If we define the American Dream as the ability of anyone to become anything they want and we measure that dream by upward mobility and a growing middle class, the obvious answer is that it is endangered. Every statistic that hasn’t been cooked by a conservative think tank so it can be pushed by a con-artist politician indicates a now decades-long trend of the vast majority of folk working harder for less. Meanwhile, the upper crust are looking a lot more like their counterparts in Gatsby’s day: beyond reach.

Economists tell us economic collapses are cyclical, so there will be more. As the Great Recession that began in 2008 taught us, the individuals and institutions where wealth has accumulated the most are largely immune. A couple years later, the very designers of the crisis begin posting record profits and raising executive compensation to new levels. This isn’t the old money of the Buchanans in The Great Gatsby, it’s the new money of Wall Street, but in the 21st Century, those with it are much like the Buchanans in that they ruin lives and then withdraw behind their money.

But seeing the American Dream in terms of money and what it can buy, whether goods or good times, is part of the problem. Against it, Fitzgerald offers Gatsby’s incredible self-control and aptitude for self-reinvention, and Thompson offers the liberating movements of the Sixties. Neither seemed to believe the orthodox American Dream--the pursuit of money--had much to offer in the way of personal fulfillment.

What is available to us today as a counter-American Dream? Money and technology dominate our lives more than ever, and ever since the rise of capitalism, increasingly the only means of fighting back are part of the very system that is the problem. Many intellectuals of the left, since at least the Frankfurt School, have been skeptical that any significant revolution, even spiritual, is possible under such conditions, but perhaps social improvement can be made in small increments.

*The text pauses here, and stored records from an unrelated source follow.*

lemma sum_coprime_codivisors_s_seq:
  fixes k n :: nat
  assumes P: "\<forall>p\<in>P. prime p" and "k \<noteq> 0"
  shows "(\<Sum>g | g dvd k \<and> coprime n (k div g). n * g * s_seq P (n * g)) =
    n * s_seq P n * \<Sum>(admissible_divisors P n k)"
proof -
  let ?D = "{g. g dvd k \<and> coprime n (k div g)}"
  have "finite ?D"
    using \<open>k \<noteq> 0\<close> by (auto intro: finite_subset[of _ "{..k}"] dvd_imp_le)
  have "(\<Sum>g\<in>?D. n * g * s_seq P (n * g)) = n * s_seq P n * (\<Sum>g\<in>?D. g * s_seq P g)"
    using P by (simp add: s_seq_mult sum_distrib_left ac_simps)
  also have "(\<Sum>g\<in>?D. g * s_seq P g) = (\<Sum>g\<in>?D. if \<forall>p\<in>P. \<not> p dvd g then g else 0)"
    by (intro sum.cong) (auto simp: s_seq_def)
  also have "\<dots> = \<Sum>(admissible_divisors P n k)"
    using \<open>finite ?D\<close> by (simp add: sum.inter_filter[symmetric] admissible_divisors_def conj_assoc)
  finally show ?thesis .
qed

theorem lemma3p2:
  fixes T :: "'a \<Rightarrow> 'a" and P :: "nat set" and k n :: nat
  assumes P_primes: "\<forall>p\<in>P. prime p"
    and orbits: "\<forall>m\<ge>1. finite (closed_orbits T m) \<and> num_orbits T m = s_seq P m"
    and k: "k \<ge> 1" and n: "n \<ge> 1"
  shows "finite (closed_orbits (T ^^ k) n) \<and>
    num_orbits (T ^^ k) n =
      (if \<forall>p\<in>P. \<not> p dvd n then
         (\<Prod>p\<in>{p. prime p \<and> p dvd k \<and> p \<notin> P \<and> p dvd n}. p ^ multiplicity p k) *
         (\<Prod>p\<in>{p. prime p \<and> p dvd k \<and> p \<notin> P \<and> \<not> p dvd n}. divisor_sum (p ^ multiplicity p k))
       else 0)"
proof -
  have "0 < k" "0 < n" using k n by auto
  have T: "finite (periodic_points T (n * g)) \<and> card (periodic_points T (n * g)) = n * g * s_seq P (n * g)"
    if "g dvd k" for g
    using that orbits \<open>0 < k\<close> \<open>0 < n\<close>
    by (auto simp: finite_periodic_points_iff card_periodic_points intro: Nat.gr0I)
  have "finite (periodic_points (T ^^ k) n)"
    using card_periodic_points_funpow(1)[OF \<open>0 < k\<close> \<open>0 < n\<close>] T by blast
  then have fin: "finite (closed_orbits (T ^^ k) n)"
    using finite_periodic_points_iff[OF \<open>0 < n\<close>] by blast
  have "n * num_orbits (T ^^ k) n = card (periodic_points (T ^^ k) n)"
    using card_periodic_points[OF \<open>0 < n\<close> fin] by simp
  also have "\<dots> = (\<Sum>g | g dvd k \<and> coprime n (k div g). card (periodic_points T (n * g)))"
    using card_periodic_points_funpow(2)[OF \<open>0 < k\<close> \<open>0 < n\<close>] T by blast
  also have "\<dots> = (\<Sum>g | g dvd k \<and> coprime n (k div g). n * g * s_seq P (n * g))"
    using T by (intro sum.cong) auto
  also have "\<dots> = n * s_seq P n * \<Sum>(admissible_divisors P n k)"
    using P_primes \<open>0 < k\<close> by (simp add: sum_coprime_codivisors_s_seq)
  finally have "num_orbits (T ^^ k) n = s_seq P n * \<Sum>(admissible_divisors P n k)"
    using \<open>0 < n\<close> by simp
  then show ?thesis
    using fin P_primes \<open>0 < k\<close> by (simp add: s_seq_def sum_admissible_divisors_eq_prod)
qed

It’s better than nothing. And if I learned anything wrestling with Cornel West’s The American Evasion of Philosophy, it is that progressive change is part of that peculiarly American brand of philosophy known as pragmatism. So perhaps there is hope for us as Americans and we are not doomed, like Gatsby reaching for the green light on Daisy’s pier, to never grasp what we seek.

 

And with that, I return to Ithaca, hopefully having achieved a better understanding of The Great Gatsby. Odysseus had a lot of work to do after his return, and I doubt I am done with The Great Gatsby, but for the present, I’m content to put the book back on the shelf.